What the exercise asks: Write only the number of lines below in which "forall" occurs.

Extracted material:

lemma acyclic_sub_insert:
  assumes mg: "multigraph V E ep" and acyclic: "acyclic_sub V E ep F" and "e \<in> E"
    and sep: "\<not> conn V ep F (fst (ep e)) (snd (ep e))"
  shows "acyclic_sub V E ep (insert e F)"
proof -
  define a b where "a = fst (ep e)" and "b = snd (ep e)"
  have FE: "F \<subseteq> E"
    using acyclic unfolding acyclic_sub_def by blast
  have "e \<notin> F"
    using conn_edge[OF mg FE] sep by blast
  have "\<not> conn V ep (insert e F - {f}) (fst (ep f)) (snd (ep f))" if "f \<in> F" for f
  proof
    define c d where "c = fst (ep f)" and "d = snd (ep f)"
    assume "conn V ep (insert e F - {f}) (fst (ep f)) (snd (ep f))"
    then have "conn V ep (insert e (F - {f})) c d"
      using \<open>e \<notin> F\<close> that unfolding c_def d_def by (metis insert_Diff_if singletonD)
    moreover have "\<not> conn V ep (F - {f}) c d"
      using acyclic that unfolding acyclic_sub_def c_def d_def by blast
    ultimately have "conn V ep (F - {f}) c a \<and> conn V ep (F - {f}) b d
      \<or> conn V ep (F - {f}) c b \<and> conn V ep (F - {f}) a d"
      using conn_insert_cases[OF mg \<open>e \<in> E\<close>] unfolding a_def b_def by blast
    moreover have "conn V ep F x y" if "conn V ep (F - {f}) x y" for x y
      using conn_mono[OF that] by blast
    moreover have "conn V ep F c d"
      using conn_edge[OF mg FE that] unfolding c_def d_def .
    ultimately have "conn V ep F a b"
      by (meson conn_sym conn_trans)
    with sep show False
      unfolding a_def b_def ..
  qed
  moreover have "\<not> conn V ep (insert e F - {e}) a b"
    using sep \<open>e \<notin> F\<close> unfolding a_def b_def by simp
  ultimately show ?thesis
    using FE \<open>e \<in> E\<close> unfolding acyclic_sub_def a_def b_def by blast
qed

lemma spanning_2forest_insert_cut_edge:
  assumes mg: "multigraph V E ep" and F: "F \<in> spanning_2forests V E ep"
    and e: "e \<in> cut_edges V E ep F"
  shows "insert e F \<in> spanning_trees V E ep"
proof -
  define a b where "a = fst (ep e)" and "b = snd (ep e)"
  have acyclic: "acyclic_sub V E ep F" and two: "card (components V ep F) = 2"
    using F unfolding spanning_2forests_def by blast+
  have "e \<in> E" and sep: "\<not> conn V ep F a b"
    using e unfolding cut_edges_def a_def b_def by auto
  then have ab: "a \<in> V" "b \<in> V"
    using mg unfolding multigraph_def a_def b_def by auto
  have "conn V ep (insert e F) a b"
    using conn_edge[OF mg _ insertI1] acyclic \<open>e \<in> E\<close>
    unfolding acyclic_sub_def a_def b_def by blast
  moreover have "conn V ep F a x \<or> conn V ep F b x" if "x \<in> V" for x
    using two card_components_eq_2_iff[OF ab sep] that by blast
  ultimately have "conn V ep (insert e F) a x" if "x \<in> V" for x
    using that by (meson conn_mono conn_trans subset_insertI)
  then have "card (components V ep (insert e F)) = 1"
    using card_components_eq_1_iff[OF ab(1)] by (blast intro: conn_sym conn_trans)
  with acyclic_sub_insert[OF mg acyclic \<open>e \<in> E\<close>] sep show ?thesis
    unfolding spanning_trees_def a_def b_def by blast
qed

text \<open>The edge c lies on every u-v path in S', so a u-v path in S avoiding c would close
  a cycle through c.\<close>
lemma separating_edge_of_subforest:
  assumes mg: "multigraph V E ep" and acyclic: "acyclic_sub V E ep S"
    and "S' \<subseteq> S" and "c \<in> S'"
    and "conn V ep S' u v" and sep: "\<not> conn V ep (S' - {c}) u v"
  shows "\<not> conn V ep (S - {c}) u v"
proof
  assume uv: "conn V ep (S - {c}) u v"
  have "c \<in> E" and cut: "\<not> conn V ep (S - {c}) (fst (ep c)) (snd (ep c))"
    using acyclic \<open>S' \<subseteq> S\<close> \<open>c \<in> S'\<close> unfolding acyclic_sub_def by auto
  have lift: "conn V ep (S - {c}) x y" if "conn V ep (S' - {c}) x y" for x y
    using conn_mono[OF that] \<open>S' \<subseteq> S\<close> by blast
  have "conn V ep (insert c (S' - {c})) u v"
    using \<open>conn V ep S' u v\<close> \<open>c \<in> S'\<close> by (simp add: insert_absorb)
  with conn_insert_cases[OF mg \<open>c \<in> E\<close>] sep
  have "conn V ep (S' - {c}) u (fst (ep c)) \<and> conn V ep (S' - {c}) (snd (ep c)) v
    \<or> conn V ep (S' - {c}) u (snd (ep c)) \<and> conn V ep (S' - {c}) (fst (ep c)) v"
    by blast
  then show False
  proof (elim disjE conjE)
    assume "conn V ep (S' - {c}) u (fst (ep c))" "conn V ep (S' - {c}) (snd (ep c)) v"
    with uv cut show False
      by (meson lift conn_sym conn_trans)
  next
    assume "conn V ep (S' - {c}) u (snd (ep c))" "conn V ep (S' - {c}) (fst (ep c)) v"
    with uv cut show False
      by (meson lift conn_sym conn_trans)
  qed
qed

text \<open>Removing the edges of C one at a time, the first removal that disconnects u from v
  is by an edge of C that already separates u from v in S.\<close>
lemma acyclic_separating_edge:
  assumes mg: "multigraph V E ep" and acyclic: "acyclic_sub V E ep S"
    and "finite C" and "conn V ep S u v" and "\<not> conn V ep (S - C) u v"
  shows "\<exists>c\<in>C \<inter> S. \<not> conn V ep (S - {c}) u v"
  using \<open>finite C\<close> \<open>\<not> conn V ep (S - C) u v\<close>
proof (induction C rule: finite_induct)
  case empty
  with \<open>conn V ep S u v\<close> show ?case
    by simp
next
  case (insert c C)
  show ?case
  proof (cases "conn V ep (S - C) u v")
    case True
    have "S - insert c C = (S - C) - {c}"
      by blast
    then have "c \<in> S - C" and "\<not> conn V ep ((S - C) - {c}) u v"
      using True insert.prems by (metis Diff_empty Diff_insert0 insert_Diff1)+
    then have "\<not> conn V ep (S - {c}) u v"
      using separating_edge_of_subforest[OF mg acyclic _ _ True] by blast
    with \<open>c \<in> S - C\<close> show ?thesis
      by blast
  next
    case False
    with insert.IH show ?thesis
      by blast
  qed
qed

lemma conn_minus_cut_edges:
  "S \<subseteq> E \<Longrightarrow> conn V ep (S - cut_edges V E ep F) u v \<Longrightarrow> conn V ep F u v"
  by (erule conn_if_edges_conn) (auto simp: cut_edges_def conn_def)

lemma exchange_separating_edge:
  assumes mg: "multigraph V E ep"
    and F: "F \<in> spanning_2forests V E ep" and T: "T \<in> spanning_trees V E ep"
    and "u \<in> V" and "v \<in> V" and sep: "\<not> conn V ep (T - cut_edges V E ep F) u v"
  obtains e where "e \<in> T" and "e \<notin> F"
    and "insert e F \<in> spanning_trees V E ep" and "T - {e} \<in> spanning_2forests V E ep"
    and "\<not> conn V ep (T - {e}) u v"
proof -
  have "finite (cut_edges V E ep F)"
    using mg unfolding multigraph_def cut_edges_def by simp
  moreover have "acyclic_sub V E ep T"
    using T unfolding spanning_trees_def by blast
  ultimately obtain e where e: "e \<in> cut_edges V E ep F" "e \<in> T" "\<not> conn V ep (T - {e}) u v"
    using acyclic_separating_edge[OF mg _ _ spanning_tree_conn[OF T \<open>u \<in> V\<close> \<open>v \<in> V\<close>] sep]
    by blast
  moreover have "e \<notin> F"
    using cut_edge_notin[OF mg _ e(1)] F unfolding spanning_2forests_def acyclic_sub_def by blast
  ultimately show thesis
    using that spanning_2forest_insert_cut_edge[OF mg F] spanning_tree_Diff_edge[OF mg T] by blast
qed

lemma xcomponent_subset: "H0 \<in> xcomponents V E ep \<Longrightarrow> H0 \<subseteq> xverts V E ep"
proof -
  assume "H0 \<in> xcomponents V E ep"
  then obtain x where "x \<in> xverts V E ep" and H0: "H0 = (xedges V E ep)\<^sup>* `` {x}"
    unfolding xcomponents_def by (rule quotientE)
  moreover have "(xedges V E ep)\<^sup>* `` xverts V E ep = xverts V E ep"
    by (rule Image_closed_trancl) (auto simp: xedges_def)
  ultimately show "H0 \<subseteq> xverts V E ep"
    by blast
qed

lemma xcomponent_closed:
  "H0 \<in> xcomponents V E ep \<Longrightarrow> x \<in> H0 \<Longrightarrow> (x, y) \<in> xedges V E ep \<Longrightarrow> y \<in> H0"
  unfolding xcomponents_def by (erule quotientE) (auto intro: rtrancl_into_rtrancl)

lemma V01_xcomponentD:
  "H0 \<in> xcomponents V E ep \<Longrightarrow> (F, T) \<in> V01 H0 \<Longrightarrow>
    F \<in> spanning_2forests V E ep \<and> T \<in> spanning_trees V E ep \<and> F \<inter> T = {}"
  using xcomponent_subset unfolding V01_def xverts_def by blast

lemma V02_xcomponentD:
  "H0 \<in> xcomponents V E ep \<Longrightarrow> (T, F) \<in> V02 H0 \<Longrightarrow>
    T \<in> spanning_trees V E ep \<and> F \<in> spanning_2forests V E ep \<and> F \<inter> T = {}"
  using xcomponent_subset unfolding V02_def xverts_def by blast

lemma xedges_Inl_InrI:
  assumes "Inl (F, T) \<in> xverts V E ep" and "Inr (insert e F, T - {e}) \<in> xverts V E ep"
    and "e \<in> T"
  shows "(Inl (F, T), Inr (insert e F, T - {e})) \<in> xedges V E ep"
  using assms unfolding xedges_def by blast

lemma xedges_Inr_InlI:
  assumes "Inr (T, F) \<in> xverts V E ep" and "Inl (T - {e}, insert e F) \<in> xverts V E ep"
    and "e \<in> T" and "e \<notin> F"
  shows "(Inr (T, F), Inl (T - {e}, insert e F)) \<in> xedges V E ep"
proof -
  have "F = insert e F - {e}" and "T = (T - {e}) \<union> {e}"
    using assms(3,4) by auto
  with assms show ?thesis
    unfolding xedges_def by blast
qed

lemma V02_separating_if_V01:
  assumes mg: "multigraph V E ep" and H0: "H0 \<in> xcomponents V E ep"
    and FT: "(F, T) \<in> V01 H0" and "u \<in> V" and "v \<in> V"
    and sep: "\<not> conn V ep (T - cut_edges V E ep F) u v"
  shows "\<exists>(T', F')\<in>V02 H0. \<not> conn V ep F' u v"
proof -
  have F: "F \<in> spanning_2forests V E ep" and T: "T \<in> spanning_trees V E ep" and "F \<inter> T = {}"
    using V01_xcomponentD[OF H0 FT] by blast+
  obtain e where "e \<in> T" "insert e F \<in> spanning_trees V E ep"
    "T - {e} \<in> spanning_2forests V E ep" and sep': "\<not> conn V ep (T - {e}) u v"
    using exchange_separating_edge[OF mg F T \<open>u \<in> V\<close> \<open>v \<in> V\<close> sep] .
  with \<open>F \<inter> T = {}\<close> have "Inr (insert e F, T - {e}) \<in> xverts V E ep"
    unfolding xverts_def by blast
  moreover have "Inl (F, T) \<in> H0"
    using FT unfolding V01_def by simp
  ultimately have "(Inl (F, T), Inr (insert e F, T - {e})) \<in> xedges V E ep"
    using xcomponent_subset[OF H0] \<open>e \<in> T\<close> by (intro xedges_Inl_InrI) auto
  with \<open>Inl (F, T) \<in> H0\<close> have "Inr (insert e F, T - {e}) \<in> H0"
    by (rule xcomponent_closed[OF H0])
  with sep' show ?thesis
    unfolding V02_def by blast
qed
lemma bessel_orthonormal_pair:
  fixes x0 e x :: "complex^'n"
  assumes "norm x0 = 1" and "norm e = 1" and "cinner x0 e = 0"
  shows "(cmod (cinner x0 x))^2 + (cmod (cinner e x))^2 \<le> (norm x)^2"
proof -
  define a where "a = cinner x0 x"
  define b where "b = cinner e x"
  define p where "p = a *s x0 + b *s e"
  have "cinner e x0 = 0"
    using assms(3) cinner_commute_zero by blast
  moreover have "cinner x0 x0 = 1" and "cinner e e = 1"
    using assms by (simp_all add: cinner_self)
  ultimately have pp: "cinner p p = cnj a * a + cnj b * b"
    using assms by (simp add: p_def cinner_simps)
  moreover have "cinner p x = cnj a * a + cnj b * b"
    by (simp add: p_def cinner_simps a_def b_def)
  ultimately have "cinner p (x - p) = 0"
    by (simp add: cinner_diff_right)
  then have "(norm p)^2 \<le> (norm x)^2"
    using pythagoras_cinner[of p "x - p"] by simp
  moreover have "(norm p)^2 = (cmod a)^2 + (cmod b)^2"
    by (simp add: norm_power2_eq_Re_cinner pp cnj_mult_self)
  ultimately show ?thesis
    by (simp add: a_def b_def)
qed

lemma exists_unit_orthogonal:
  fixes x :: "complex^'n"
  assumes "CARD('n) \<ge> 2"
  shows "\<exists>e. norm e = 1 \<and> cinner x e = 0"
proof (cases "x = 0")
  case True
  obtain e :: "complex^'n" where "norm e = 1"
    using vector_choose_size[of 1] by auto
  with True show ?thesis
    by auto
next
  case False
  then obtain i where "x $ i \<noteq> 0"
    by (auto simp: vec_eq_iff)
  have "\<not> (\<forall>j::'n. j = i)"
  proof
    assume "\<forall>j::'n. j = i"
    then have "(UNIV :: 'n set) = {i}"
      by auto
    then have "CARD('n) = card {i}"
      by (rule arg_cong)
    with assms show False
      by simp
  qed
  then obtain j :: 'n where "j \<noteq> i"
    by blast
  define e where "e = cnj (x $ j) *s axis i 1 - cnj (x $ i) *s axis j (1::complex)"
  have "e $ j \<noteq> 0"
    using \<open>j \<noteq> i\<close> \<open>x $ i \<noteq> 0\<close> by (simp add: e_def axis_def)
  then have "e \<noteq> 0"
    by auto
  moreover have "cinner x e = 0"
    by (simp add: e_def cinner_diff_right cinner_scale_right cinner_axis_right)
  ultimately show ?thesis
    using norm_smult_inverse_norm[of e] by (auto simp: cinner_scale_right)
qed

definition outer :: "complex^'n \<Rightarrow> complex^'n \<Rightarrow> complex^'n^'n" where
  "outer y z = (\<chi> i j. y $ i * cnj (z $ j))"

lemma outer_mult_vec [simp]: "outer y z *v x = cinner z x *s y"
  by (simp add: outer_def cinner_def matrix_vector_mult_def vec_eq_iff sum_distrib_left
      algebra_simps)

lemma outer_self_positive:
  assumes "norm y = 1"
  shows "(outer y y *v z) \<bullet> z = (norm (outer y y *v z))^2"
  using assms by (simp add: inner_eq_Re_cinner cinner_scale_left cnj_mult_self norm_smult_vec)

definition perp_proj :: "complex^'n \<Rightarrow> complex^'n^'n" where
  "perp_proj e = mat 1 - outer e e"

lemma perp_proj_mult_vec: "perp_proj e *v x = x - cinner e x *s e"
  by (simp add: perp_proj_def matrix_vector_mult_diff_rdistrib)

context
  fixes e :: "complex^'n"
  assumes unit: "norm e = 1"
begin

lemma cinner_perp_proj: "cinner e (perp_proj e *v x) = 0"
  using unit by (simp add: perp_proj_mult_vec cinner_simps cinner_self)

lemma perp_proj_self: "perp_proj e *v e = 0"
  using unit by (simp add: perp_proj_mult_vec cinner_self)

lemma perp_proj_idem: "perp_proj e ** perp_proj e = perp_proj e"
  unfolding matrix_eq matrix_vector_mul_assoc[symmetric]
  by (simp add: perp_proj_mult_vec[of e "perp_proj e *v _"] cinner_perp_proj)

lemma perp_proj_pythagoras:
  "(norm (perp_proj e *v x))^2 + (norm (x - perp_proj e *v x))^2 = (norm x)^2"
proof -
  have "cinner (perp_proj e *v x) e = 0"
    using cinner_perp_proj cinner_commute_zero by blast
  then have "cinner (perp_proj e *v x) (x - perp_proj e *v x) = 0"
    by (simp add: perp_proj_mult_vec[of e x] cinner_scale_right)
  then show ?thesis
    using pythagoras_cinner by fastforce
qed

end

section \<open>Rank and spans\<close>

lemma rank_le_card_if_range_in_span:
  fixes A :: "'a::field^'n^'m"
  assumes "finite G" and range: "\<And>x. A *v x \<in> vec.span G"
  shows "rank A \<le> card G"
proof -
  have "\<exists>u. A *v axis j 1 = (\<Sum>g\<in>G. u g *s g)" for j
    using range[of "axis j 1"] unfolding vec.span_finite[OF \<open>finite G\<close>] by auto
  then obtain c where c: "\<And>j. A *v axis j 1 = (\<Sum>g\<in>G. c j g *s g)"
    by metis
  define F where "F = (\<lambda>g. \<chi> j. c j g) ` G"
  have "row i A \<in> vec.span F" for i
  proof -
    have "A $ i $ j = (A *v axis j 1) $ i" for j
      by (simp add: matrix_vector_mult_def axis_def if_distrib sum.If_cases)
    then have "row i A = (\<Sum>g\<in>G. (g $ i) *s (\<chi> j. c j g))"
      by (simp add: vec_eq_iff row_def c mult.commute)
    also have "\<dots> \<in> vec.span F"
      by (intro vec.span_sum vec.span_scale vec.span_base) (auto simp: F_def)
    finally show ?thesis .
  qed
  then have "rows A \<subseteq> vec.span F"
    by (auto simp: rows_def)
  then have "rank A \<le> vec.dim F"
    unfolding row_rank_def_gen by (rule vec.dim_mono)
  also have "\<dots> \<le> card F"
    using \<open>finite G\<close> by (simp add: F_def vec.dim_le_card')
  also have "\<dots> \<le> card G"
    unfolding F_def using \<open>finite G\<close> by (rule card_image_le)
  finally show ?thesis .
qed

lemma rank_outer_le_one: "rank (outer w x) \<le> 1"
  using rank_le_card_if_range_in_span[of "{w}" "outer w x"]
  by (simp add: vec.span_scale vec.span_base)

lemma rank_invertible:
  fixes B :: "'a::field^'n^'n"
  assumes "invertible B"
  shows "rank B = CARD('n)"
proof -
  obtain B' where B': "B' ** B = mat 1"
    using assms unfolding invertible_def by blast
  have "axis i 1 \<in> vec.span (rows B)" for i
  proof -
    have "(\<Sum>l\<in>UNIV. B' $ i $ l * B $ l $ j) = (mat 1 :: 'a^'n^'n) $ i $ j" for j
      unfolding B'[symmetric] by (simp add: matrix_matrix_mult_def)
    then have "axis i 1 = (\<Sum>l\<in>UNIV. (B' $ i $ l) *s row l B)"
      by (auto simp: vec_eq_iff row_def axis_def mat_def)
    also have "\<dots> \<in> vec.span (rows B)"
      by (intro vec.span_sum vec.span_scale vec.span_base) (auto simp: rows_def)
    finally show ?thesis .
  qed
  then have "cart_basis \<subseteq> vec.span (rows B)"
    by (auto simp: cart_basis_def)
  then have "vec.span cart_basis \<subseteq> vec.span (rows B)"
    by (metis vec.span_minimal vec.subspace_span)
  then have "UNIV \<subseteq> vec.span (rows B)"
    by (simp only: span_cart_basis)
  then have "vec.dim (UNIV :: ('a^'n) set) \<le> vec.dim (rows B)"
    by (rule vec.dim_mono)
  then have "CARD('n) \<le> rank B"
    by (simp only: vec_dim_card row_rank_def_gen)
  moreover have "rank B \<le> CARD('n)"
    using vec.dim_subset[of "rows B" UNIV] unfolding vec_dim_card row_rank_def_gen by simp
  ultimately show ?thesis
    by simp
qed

Response for this exercise: 2